Another explanation offered by Western business sources here is that Soviet ports, despite some recent improvements, just cannot handle more than 34 million tons a year, if that.
''This country has had three bad harvests and has done a lot of heavy importing as a result. . . . Workers get tired. Machines break down. The pace slows. This is inevitable,'' one businessman says.
Meanwhile, the Soviets have moved to diversify their sources of foreign grain since the Carter trade restrictions.
Officials here indicate the Kremlin still wants US grain. Its quality and quantity, and the efficiency of US export infrastructure, make it a good buy, the officials say.
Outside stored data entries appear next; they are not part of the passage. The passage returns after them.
lemma ZX_sq_le_of_compliance_le:
  assumes fin: "finite (interior_nodes X \<Omega>)" and distinct: "\<And>k. k \<in> {1..m} \<Longrightarrow> cm k \<noteq> cp k"
    and E0: "0 < E0" and a: "\<forall>k\<in>{1..m}. 0 \<le> a k"
    and vol: "(\<Sum>k=1..m. a k * lhat cm cp z k) \<le> V0"
    and compliance: "CX X \<Omega> cm cp m f E0 z a \<le> ereal C"
  shows "(ZX X \<Omega> cm cp m f)\<^sup>2 \<le> 2 * E0 * V0 * C"
proof -
  interpret P: one_sided_quadratic "dofs X \<Omega>" "{1..m}" "dof_load f" "strain_hat_coeff cm cp z"
    "\<lambda>k. E0 * a k * lhat cm cp z k"
    using fin E0 a lhat_nonneg by unfold_locales (auto simp: dofs_def)
  have "P.energy v \<le> C" for v
  proof -
    let ?u = "dof_field X \<Omega> v"
    have "P.energy v = (\<Sum>x\<in>interior_nodes X \<Omega>. f x * ?u 3 x)
        - E0 / 2 * (\<Sum>k=1..m. (max 0 (strain_hat cm cp (?u 1) (?u 2) (?u 3) z k))\<^sup>2 * a k * lhat cm cp z k)"
      unfolding P.energy_def P.load_def P.penalty_def P.stretch_def load_dofs
        strain_hat_dof_fields[OF fin]
      by (simp add: sum_distrib_left sum_divide_distrib algebra_simps)
    also have "ereal \<dots> \<le> CX X \<Omega> cm cp m f E0 z a"
      unfolding CX_def by (rule SUP_upper2[of "(?u 1, ?u 2, ?u 3)"]) (auto simp: nodal_dof_field)
    also note compliance
    finally show ?thesis by simp
  qed
  then obtain \<sigma> where \<sigma>: "\<forall>k\<in>{1..m}. 0 \<le> \<sigma> k"
      "\<forall>xj\<in>dofs X \<Omega>. (\<Sum>k=1..m. \<sigma> k * strain_hat_coeff cm cp z k xj) = dof_load f xj"
      "(\<Sum>k=1..m. \<sigma> k)\<^sup>2 \<le> 2 * C * (\<Sum>k=1..m. E0 * a k * lhat cm cp z k)"
    using P.bounded_energy_imp_balancing_tensions by blast
  have "0 \<le> C" using \<open>P.energy (\<lambda>_. 0) \<le> C\<close> P.energy_zero by simp
  have "(ZX X \<Omega> cm cp m f)\<^sup>2 \<le> (\<Sum>k=1..m. \<sigma> k)\<^sup>2"
    using ZX_le_sum_of_balancing_tensions[OF distinct \<sigma>(1,2)] by (auto intro: power_mono)
  also have "\<dots> \<le> 2 * C * (E0 * (\<Sum>k=1..m. a k * lhat cm cp z k))"
    using \<sigma>(3) by (simp add: sum_distrib_left mult.assoc)
  also have "\<dots> \<le> 2 * C * (E0 * V0)"
    using vol E0 \<open>0 \<le> C\<close> by (intro mult_left_mono) auto
  finally show ?thesis by (simp add: algebra_simps)
qed

lemma compliance_ge_ZX_sq:
  assumes "finite (interior_nodes X \<Omega>)" and "\<And>k. k \<in> {1..m} \<Longrightarrow> cm k \<noteq> cp k"
    and "0 < E0" and "0 < V0" and "\<forall>k\<in>{1..m}. 0 \<le> a k"
    and "(\<Sum>k=1..m. a k * lhat cm cp z k) \<le> V0"
  shows "ereal ((ZX X \<Omega> cm cp m f)\<^sup>2 / (2 * E0 * V0)) \<le> CX X \<Omega> cm cp m f E0 z a"
proof (rule ereal_le_real)
  fix C assume "CX X \<Omega> cm cp m f E0 z a \<le> ereal C"
  then have "(ZX X \<Omega> cm cp m f)\<^sup>2 \<le> 2 * E0 * V0 * C"
    using ZX_sq_le_of_compliance_le[OF assms(1,2,3,5,6)] by blast
  then show "ereal ((ZX X \<Omega> cm cp m f)\<^sup>2 / (2 * E0 * V0)) \<le> ereal C"
    using assms(3,4) by (simp add: divide_le_eq mult.commute)
qed

theorem lemma6p1:
  fixes \<Omega> X :: "(real^2) set" and cm cp :: "nat \<Rightarrow> real^2" and m :: nat
    and f :: "real^2 \<Rightarrow> real" and E0 V0 :: real
  assumes "open \<Omega>" and "connected \<Omega>" and "bounded \<Omega>"
    and "finite X" and "X \<subseteq> closure \<Omega>"
    and "X - frontier \<Omega> \<subseteq> interior (convex hull (X \<inter> frontier \<Omega>))"
    and "bij_betw (\<lambda>k. {cm k, cp k}) {1..m} {{x, y} | x y. x \<in> X \<and> y \<in> X \<and> x \<noteq> y}"
    and "E0 > 0" and "V0 > 0"
  shows "CXmin X \<Omega> cm cp m f E0 V0 \<ge> ereal ((ZX X \<Omega> cm cp m f)\<^sup>2 / (2 * E0 * V0))"
proof -
  have "finite (interior_nodes X \<Omega>)"
    using \<open>finite X\<close> by (simp add: interior_nodes_def)
  moreover have "cm k \<noteq> cp k" if "k \<in> {1..m}" for k
    using bij_betwE[OF assms(7)] that by (fastforce simp: doubleton_eq_iff)
  ultimately show ?thesis
    unfolding CXmin_def using compliance_ge_ZX_sq \<open>E0 > 0\<close> \<open>V0 > 0\<close>
    by (intro INF_greatest) (clarsimp simp del: ereal_less_eq)
qed

end
(* Let $m\ge 2$ be an integer and let $c>1$ be a real number which is not an integer. Then the sequence $x=(\lfloor n^c\rfloor \bmod m)_{n}$ is not normal. More precisely, there exist a positive integer $k$ and a block $B\in\{0,1,\ldots,m-1\}^k$ which does not appear in $x$ (i.e. there is no $n$ with $(x_n,x_{n+1},\ldots,x_{n+k-1})=B$).
   Context: A sequence $(v_n)_n$ with values in $\{0,1,\ldots,m-1\}$ is called $k$-normal if for every block $B\in\{0,\ldots,m-1\}^k$ one has $\lim_{N\to\infty}\frac1N\operatorname{Card}\{n<N: (v_n,\ldots,v_{n+k-1})=B\}=m^{-k}$; it is called normal if it is $k$-normal for every positive integer $k$. *)

theory Defs
  imports "HOL-Analysis.Analysis"
begin

definition block_at :: "(nat \<Rightarrow> nat) \<Rightarrow> nat \<Rightarrow> nat \<Rightarrow> nat list" where
  "block_at v k n = map (\<lambda>i. v (n + i)) [0..<k]"

definition k_normal :: "nat \<Rightarrow> nat \<Rightarrow> (nat \<Rightarrow> nat) \<Rightarrow> bool" where
  "k_normal m k v \<longleftrightarrow>
     (\<forall>B. length B = k \<and> set B \<subseteq> {0..<m} \<longrightarrow>
        (\<lambda>N. real (card {n. n < N \<and> block_at v k n = B}) / real N)
          \<longlonglongrightarrow> 1 / real m ^ k)"
(* Fix $\alpha,\lambda>0$. Let $V_t$ be the expected number of individuals alive at time $t$ in the single-site ageing branching process where each individual has an Exp(1) lifetime and an individual born at time $\bar t$ produces children at the arrival times, during its life, of an inhomogeneous Poisson process of intensity $\lambda e^{-\alpha(t-\bar t)}$ (started from $V_0>0$ individuals of age $0$). Let $S_t$ be the expected number of individuals alive at time $t$ in the classical continuous-time branching process in which each individual dies at rate $1$ and reproduces at rate $\lambda/(1+\alpha)$, started with $S_0=V_0$ individuals (so $S_t=V_0e^{(\lambda/(\alpha+1)-1)t}$). As $t\to\infty$: (1) if $\lambda>\alpha+1$, both $V_t,S_t\to\infty$, $V_t\sim\frac{\lambda}{\lambda-\alpha}V_0e^{(\lambda-\alpha-1)t}$, and $V_t>S_t$ for all sufficiently large $t$; (2) if $\lambda=\alpha+1$, $S_t=V_0$ for all $t\ge0$ and $V_t\to\lambda V_0$; (3) if $\alpha<\lambda<\alpha+1$, both $V_t,S_t\to0$, $V_t\sim\frac{\lambda}{\lambda-\alpha}V_0e^{(\lambda-\alpha-1)t}$, and $S_t>V_t$ for all sufficiently large $t$; (4) if $\lambda=\alpha$, both $V_t,S_t\to0$, $V_t\sim\alpha tV_0e^{-t}$, and $S_t>V_t$ for all sufficiently large $t$; (5) if $\lambda<\alpha$, both $V_t,S_t\to0$, $V_t\sim\frac{\alpha}{\alpha-\lambda}V_0e^{-t}$, and $S_t>V_t$ for all sufficiently large $t$. *)

theory Defs
  imports "HOL-Analysis.Analysis" "HOL-Library.Landau_Symbols"
begin

text \<open>First-moment (mean) equations of the single-site ageing branching process.
  b t is the expected birth-rate density at time t; an individual born at time s is alive
  at time t \<ge> s with probability exp(-(t-s)) and, while alive, gives birth at rate
  lam * exp(-alpha*(t-s)). The initial V0 individuals have age 0 at time 0.\<close>

definition ageing_birth_eq :: "real \<Rightarrow> real \<Rightarrow> real \<Rightarrow> (real \<Rightarrow> real) \<Rightarrow> bool" where
  "ageing_birth_eq alpha lam V0 b \<longleftrightarrow>
     continuous_on {0..} b \<and>
     (\<forall>t\<ge>0. b t = V0 * lam * exp (-(1 + alpha) * t)
                 + integral {0..t} (\<lambda>s. b s * lam * exp (-(1 + alpha) * (t - s))))"

definition ageing_mean :: "real \<Rightarrow> (real \<Rightarrow> real) \<Rightarrow> real \<Rightarrow> real" where
  "ageing_mean V0 b t = V0 * exp (- t) + integral {0..t} (\<lambda>s. b s * exp (-(t - s)))"

definition classical_mean :: "real \<Rightarrow> real \<Rightarrow> real \<Rightarrow> real \<Rightarrow> real" where
  "classical_mean alpha lam V0 t = V0 * exp ((lam / (alpha + 1) - 1) * t)"

end

theory Submission
  imports Defs "HOL-Real_Asymp.Real_Asymp"
begin

text \<open>Multiplying the renewal equation by exp((1 + \<alpha>) t) turns it into
  u t = \<lambda> V0 + \<lambda> \<integral>[0,t] u, whose only continuous solution is u t = \<lambda> V0 exp(\<lambda> t).
  Hence the birth rate is b t = \<lambda> V0 exp((\<lambda> - \<alpha> - 1) t), and the mean is explicit:
  V t = V0 (\<lambda> exp((\<lambda> - \<alpha> - 1) t) - \<alpha> exp(-t)) / (\<lambda> - \<alpha>), or V0 (1 + \<alpha> t) exp(-t)
  when \<lambda> = \<alpha>. Each regime is then a comparison of exponential rates; the identity
  (\<lambda> - \<alpha> - 1) - (\<lambda>/(\<alpha> + 1) - 1) = \<alpha>/(\<alpha> + 1) (\<lambda> - \<alpha> - 1) shows that the ageing
  process outgrows the classical one exactly in the supercritical regime.\<close>

lemma integral_equation_exp_solution:
  fixes c k t :: real and u :: "real \<Rightarrow> real"
  assumes "continuous_on {0..t} u" "t \<ge> 0"
    and "\<And>x. x \<in> {0..t} \<Longrightarrow> u x = c + k * integral {0..x} u"
  shows "u t = c * exp (k * t)"
proof -
  define H where "H x = (c + k * integral {0..x} u) * exp (- k * x)" for x
  have "\<exists>C. \<forall>x\<in>{0..t}. H x = C"
  proof (rule has_field_derivative_zero_constant)
    fix x assume x: "x \<in> {0..t}"
    have "((\<lambda>x. integral {0..x} u) has_real_derivative u x) (at x within {0..t})"
      by (rule integral_has_real_derivative[OF assms(1) x])
    then have "(H has_real_derivative k * (u x - (c + k * integral {0..x} u)) * exp (- k * x))
        (at x within {0..t})"
      unfolding H_def by (auto intro!: derivative_eq_intros simp: algebra_simps)
    then show "(H has_real_derivative 0) (at x within {0..t})"
      using assms(3)[OF x] by simp
  qed simp
  then have "H t = H 0"
    using assms(2) by force
  then have "c + k * integral {0..t} u = c * exp (k * t)"
    by (simp add: H_def exp_minus field_simps)
  with assms(2,3) show ?thesis
    by simp
qed

lemma volterra_exp_kernel_solution:
  fixes a c k t :: real and b :: "real \<Rightarrow> real"
  assumes "continuous_on {0..} b" "t \<ge> 0"
    and "\<And>x. x \<ge> 0 \<Longrightarrow>
      b x = c * exp (- a * x) + integral {0..x} (\<lambda>s. b s * k * exp (- a * (x - s)))"
  shows "b t = c * exp ((k - a) * t)"
proof -
  define u where "u s = b s * exp (a * s)" for s
  have "u t = c * exp (k * t)"
  proof (rule integral_equation_exp_solution)
    show "continuous_on {0..t} u"
      unfolding u_def by (intro continuous_intros continuous_on_subset[OF assms(1)]) auto
    fix x assume "x \<in> {0..t}"
    then have x: "x \<ge> 0" by simp
    have "integral {0..x} (\<lambda>s. b s * k * exp (- a * (x - s)))
        = integral {0..x} (\<lambda>s. k * exp (- a * x) * u s)"
      by (intro integral_cong) (simp add: u_def right_diff_distrib exp_diff exp_minus field_simps)
    then have "b x = exp (- a * x) * (c + k * integral {0..x} u)"
      using assms(3)[OF x] by (simp add: algebra_simps)
    then show "u x = c + k * integral {0..x} u"
      by (simp add: u_def mult.assoc flip: exp_add)
  qed (use assms(2) in auto)
  then show ?thesis
    by (simp add: u_def left_diff_distrib exp_diff field_simps)
qed

lemma ageing_birth_rate:
  assumes "ageing_birth_eq alpha lam V0 b" "t \<ge> 0"
  shows "b t = V0 * lam * exp ((lam - alpha - 1) * t)"
  using volterra_exp_kernel_solution[of b t "V0 * lam" "1 + alpha" lam] assms
  unfolding ageing_birth_eq_def by (simp add: algebra_simps)

lemma has_integral_exp_mult:
  fixes r a b :: real
  assumes "r \<noteq> 0" "a \<le> b"
  shows "((\<lambda>s. exp (r * s)) has_integral (exp (r * b) - exp (r * a)) / r) {a..b}"
proof -
  have "((\<lambda>s. exp (r * s)) has_integral exp (r * b) / r - exp (r * a) / r) {a..b}"
    by (rule fundamental_theorem_of_calculus[OF assms(2)])
      (use assms(1) in \<open>auto intro!: derivative_eq_intros
        simp flip: has_real_derivative_iff_has_vector_derivative\<close>)
  then show ?thesis
    by (simp add: diff_divide_distrib)
qed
Moreover, if US farmers make money off the Soviet Union, they are more likely to favor good relations between the superpowers.
But the Soviets have also sealed grain ties with such states as Argentina, Australia, and Canada and thus reduced dependence on US supplies.
Of equal importance, the Soviets have been careful to purchase their US grain early in the US-Soviet grain year.
This helps free strained Soviet port capacity for shipments from other states , like Argentina, which harvest later. And at least this year, the early buying has amounted to a measure of insurance against new US grain sanctions.
The strategy requires help from Washington. And Washington - both in 1980 under Jimmy Carter, and this year under Ronald Reagan - has supplied it. The long-term US-Soviet grain accord that expires at the end of September 1982 provides for a spreading of Soviet purchases over the grain year. The idea was to prevent jolts to the grain market.
''But this year, for instance, we had a pretty good idea of how much grain the Soviets would need, . . . and we had a good harvest,'' a US source explains. So the provision was relaxed.
After talks in Moscow last September on the eve of the new grain trading year , a US official announced that the Soviets had been offered a total of 23 million tons of US grain, and that in his ''best judgment,'' they would take about 18 million of that amount.
The Soviets are now understood to have told US officials, however, that Moscow has no immediate plans to buy more than the 11 million tons already contracted. Some Western sources are suggesting the Soviets never planned to go above that amount and, in one source's words, ''have done some smart talking, and smart buying.'' Other sources caution that Moscow may still want to buy US grain later in the year, despite the present Soviet line.